Google has also integrated a Gemini-powered AI Teammate into apps like Docs and Gmail. This AI assistant, which you can name anything you want (in today's demo, it was named Chip), acts like a productivity buddy. The AI Teammate can help coordinate communications with coworkers, track project files, assemble to-do lists, and follow up on assignments, similar to a turbocharged Slackbot.

Additionally, Google demonstrated Gems, a new feature that allows you to set automated routines for tasks you want Gemini to perform regularly. You can configure it to manage various digital chores and activate these routines with a voice command or text prompt. Each routine is called a "Gem," playing on the Gemini name.

Creativity Tools

Google's creative AI efforts were highlighted with demos from Google Labs' experimental AI division.

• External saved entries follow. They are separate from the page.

lemma s_integral:
  assumes "(\<lambda>x. sqrt (\<Delta>\<^sup>2 - q x)) integrable_on {x. q x < \<Delta>\<^sup>2}"
  shows "s integrable_on UNIV"
    and "integral UNIV s = integral {x. q x < \<Delta>\<^sup>2} (\<lambda>x. sqrt (\<Delta>\<^sup>2 - q x))"
proof -
  have "s = (\<lambda>x. if x \<in> {x. q x < \<Delta>\<^sup>2} then sqrt (\<Delta>\<^sup>2 - q x) else 0)"
    by (auto simp: s_def max_def fun_eq_iff)
  then show "s integrable_on UNIV" "integral UNIV s = integral {x. q x < \<Delta>\<^sup>2} (\<lambda>x. sqrt (\<Delta>\<^sup>2 - q x))"
    using assms by (simp_all only: integrable_restrict_UNIV integral_restrict_UNIV)
qed

definition "K = ln km + ln kp - 2 * ln \<Delta> + 2 * (ln (\<Delta> + s x0) - ln \<Delta>) + 2 * integral UNIV s"

text \<open>Crossing the well from \<open>y \<le> x\<^sub>0\<close> to \<open>z \<ge> x\<^sub>0\<close> increases \<open>H\<^sub>\<epsilon>\<close> by at most \<open>K\<close>
  in reverse: the logarithmic terms are bounded using \<open>\<Delta> \<le> g \<le> k\<^sub>\<plusminus>\<close>.\<close>
lemma H_across_well:
  assumes s_int: "s integrable_on UNIV" and y: "y \<le> x0" and z: "x0 \<le> z" and e: "\<epsilon> > 0"
  shows "H \<epsilon> y \<le> H \<epsilon> z + K"
proof -
  have left: "H \<epsilon> y \<le> H \<epsilon> x0 + (ln (g y) - ln (g x0)) + (ln (\<Delta> + s x0) - ln (\<Delta> + s y))
      + 2 * integral {y..x0} s"
    by (rule H_monotone_left[OF y order_refl e])
  have right: "H \<epsilon> x0 \<le> H \<epsilon> z + (ln (g z) - ln (g x0)) + (ln (\<Delta> + s x0) - ln (\<Delta> + s z))
      + 2 * integral {x0..z} s"
    by (rule H_monotone_right[OF order_refl z e])
  have "integral {y..x0} s + integral {x0..z} s = integral {y..z} s"
    by (intro Henstock_Kurzweil_Integration.integral_combine y z integrable_continuous_real s_cont_on)
  also have "\<dots> \<le> integral UNIV s"
    by (rule integral_subset_le) (use s_int s_nonneg in \<open>auto intro: integrable_continuous_real s_cont_on\<close>)
  finally have int: "integral {y..x0} s + integral {x0..z} s \<le> integral UNIV s" .
  have "g y \<le> km"
    unfolding g_def using q_le_km[OF y] Delta_hi km_pos
    by (metis max.bounded_iff min.bounded_iff real_sqrt_abs real_sqrt_le_mono abs_of_pos)
  moreover have "g z \<le> kp"
    unfolding g_def using q_le_kp[OF z] Delta_hi kp_pos
    by (metis max.bounded_iff min.bounded_iff real_sqrt_abs real_sqrt_le_mono abs_of_pos)
  ultimately have "ln (g y) \<le> ln km" "ln (g z) \<le> ln kp" using g_pos[of y] g_pos[of z] by simp_all
  moreover have "ln \<Delta> \<le> ln (g x0)" using g_ge[of x0] Delta_pos by simp
  moreover have "ln \<Delta> \<le> ln (\<Delta> + s y)" "ln \<Delta> \<le> ln (\<Delta> + s z)"
    using s_nonneg[of y] s_nonneg[of z] Delta_pos by simp_all
  ultimately show ?thesis using left right int unfolding K_def by (smt (verit))
qed

text \<open>Letting \<open>z \<rightarrow> \<infinity>\<close> (where \<open>H\<^sub>\<epsilon> \<rightarrow> ln (1 + \<surd>\<epsilon>)\<close>) and then \<open>\<epsilon> \<rightarrow> 0\<close>:
  \<open>arcosh E \<le> K\<close> to the left of the well.\<close>
lemma arcosh_E_bound:
  assumes s_int: "s integrable_on UNIV" and y: "y \<le> x0"
  shows "ln (E y + sqrt ((E y)\<^sup>2 - 1)) \<le> K"
proof (rule field_le_epsilon)
  fix \<delta> :: real assume \<delta>: "\<delta> > 0"
  define \<epsilon> where "\<epsilon> = \<delta>\<^sup>2"
  have e: "\<epsilon> > 0" using \<delta> by (simp add: \<epsilon>_def)
  have "eventually (\<lambda>z. H \<epsilon> y - K \<le> H \<epsilon> z) at_top"
    unfolding eventually_at_top_linorder
  proof (intro exI[of _ x0] allI impI)
    fix z assume "x0 \<le> z"
    from H_across_well[OF s_int y this e] show "H \<epsilon> y - K \<le> H \<epsilon> z" by linarith
  qed
  from tendsto_lowerbound[OF H_at_top[OF e] this]
  have "H \<epsilon> y - K \<le> ln (1 + sqrt \<epsilon>)" by simp
  moreover have "ln (1 + sqrt \<epsilon>) \<le> sqrt \<epsilon>" using e by (intro ln_add_one_self_le_self) simp
  moreover have "sqrt \<epsilon> = \<delta>" using \<delta> by (simp add: \<epsilon>_def)
  moreover have "ln (E y + sqrt ((E y)\<^sup>2 - 1)) \<le> H \<epsilon> y"
    unfolding H_def using E_ge_1[of y] e by (simp add: add_pos_nonneg one_le_power)
  ultimately show "ln (E y + sqrt ((E y)\<^sup>2 - 1)) \<le> K + \<delta>" by linarith
qed

lemma reflection_bound:
  assumes s_int: "s integrable_on UNIV"
  shows "ln ((1 + cmod r) / (1 - cmod r)) \<le> K"
proof -
  have r: "0 \<le> cmod r" "cmod r < 1" using reflection_lt_1 by simp_all
  have "((\<lambda>y. E y + sqrt ((E y)\<^sup>2 - 1)) \<longlongrightarrow> (1 + cmod r) / (1 - cmod r)) at_bot"
    using tendsto_add[OF E_at_bot tendsto_real_sqrt[OF tendsto_diff[OF tendsto_power[OF E_at_bot, of 2]
          tendsto_const[of 1]]]]
    unfolding arcosh_reflection_identity[OF r] .
  from tendsto_ln[OF this reflection_ratio_pos[THEN less_imp_neq, symmetric]]
  have "((\<lambda>y. ln (E y + sqrt ((E y)\<^sup>2 - 1))) \<longlongrightarrow> ln ((1 + cmod r) / (1 - cmod r))) at_bot" .
  then show ?thesis
    by (rule tendsto_upperbound)
       (auto simp: eventually_at_bot_linorder intro!: exI[of _ x0] arcosh_E_bound[OF s_int])
qed

lemma transmission_lower_bound:
  assumes int: "(\<lambda>x. sqrt (\<Delta>\<^sup>2 - q x)) integrable_on {x. q x < \<Delta>\<^sup>2}"
  shows "(kp / km) * (cmod \<tau>)\<^sup>2 \<ge>
      (sech (ln (kp * km / \<Delta>\<^sup>2) / 2
             + (SUP x. sqrt (max 0 (\<Delta>\<^sup>2 - q x))) / \<Delta>
             + integral {x. q x < \<Delta>\<^sup>2} (\<lambda>x. sqrt (\<Delta>\<^sup>2 - q x))))\<^sup>2"
    (is "_ \<ge> (sech ?\<Theta>)\<^sup>2")
proof -
  have r: "0 \<le> cmod r" "cmod r < 1" using reflection_lt_1 by simp_all
  define peak where "peak = s x0 / \<Delta>"
  have "ln (\<Delta> + s x0) - ln \<Delta> = ln ((\<Delta> + s x0) / \<Delta>)"
    using Delta_pos s_nonneg[of x0] by (intro ln_divide_pos[symmetric]) auto
  also have "\<dots> = ln (1 + peak)" using Delta_pos by (simp add: peak_def field_simps)
  also have "\<dots> \<le> peak" using Delta_pos s_nonneg[of x0] by (intro ln_add_one_self_le_self) (simp add: peak_def)
  finally have peak_bound: "ln (\<Delta> + s x0) - ln \<Delta> \<le> peak" .
  have "ln (kp * km / \<Delta>\<^sup>2) = ln kp + ln km - 2 * ln \<Delta>"
    using kp_pos km_pos Delta_pos by (simp add: ln_div ln_mult ln_realpow)
  then have "K = ln (kp * km / \<Delta>\<^sup>2) + 2 * (ln (\<Delta> + s x0) - ln \<Delta>) + 2 * integral UNIV s"
    unfolding K_def by simp
  also have "\<dots> \<le> ln (kp * km / \<Delta>\<^sup>2) + 2 * peak + 2 * integral UNIV s"
    using peak_bound by simp
  also have "\<dots> = 2 * ?\<Theta>"
    unfolding peak_def peak_eq_Sup s_integral(2)[OF int] by (simp add: algebra_simps)
  finally have "K \<le> 2 * ?\<Theta>" .
  with reflection_bound[OF s_integral(1)[OF int]]
  have "ln ((1 + cmod r) / (1 - cmod r)) \<le> 2 * ?\<Theta>" by linarith
  then have "(1 + cmod r) / (1 - cmod r) \<le> exp (2 * ?\<Theta>)"
    using reflection_ratio_pos by (metis exp_le_cancel_iff exp_ln)
  from transmission_from_reflection_bound[OF r _ this]
  have "(sech ?\<Theta>)\<^sup>2 \<le> 1 - (cmod r)\<^sup>2" unfolding sech_square_exp by simp
  moreover have "(kp / km) * (cmod \<tau>)\<^sup>2 = 1 - (cmod r)\<^sup>2"
    using transmitted_waves(1) reflected_waves(1) km_pos by (simp add: field_simps)
  ultimately show ?thesis by simp
qed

A key new feature is VideoFX, a generative video model based on Google DeepMind's video generator, Veo. It creates 1080p videos from text prompts, offering greater flexibility in the production process. Google also introduced improvements to ImageFX, a high-resolution image generator. The updated ImageFX reduces unwanted digital artifacts and better interprets user prompts to generate accurate text.

Additionally, Google unveiled DJ Mode in MusicFX, an AI music generator that allows musicians to create song loops and samples from prompts. DJ Mode was showcased during a vibrant performance by musician Marc Rebillet, which preceded the I/O keynote.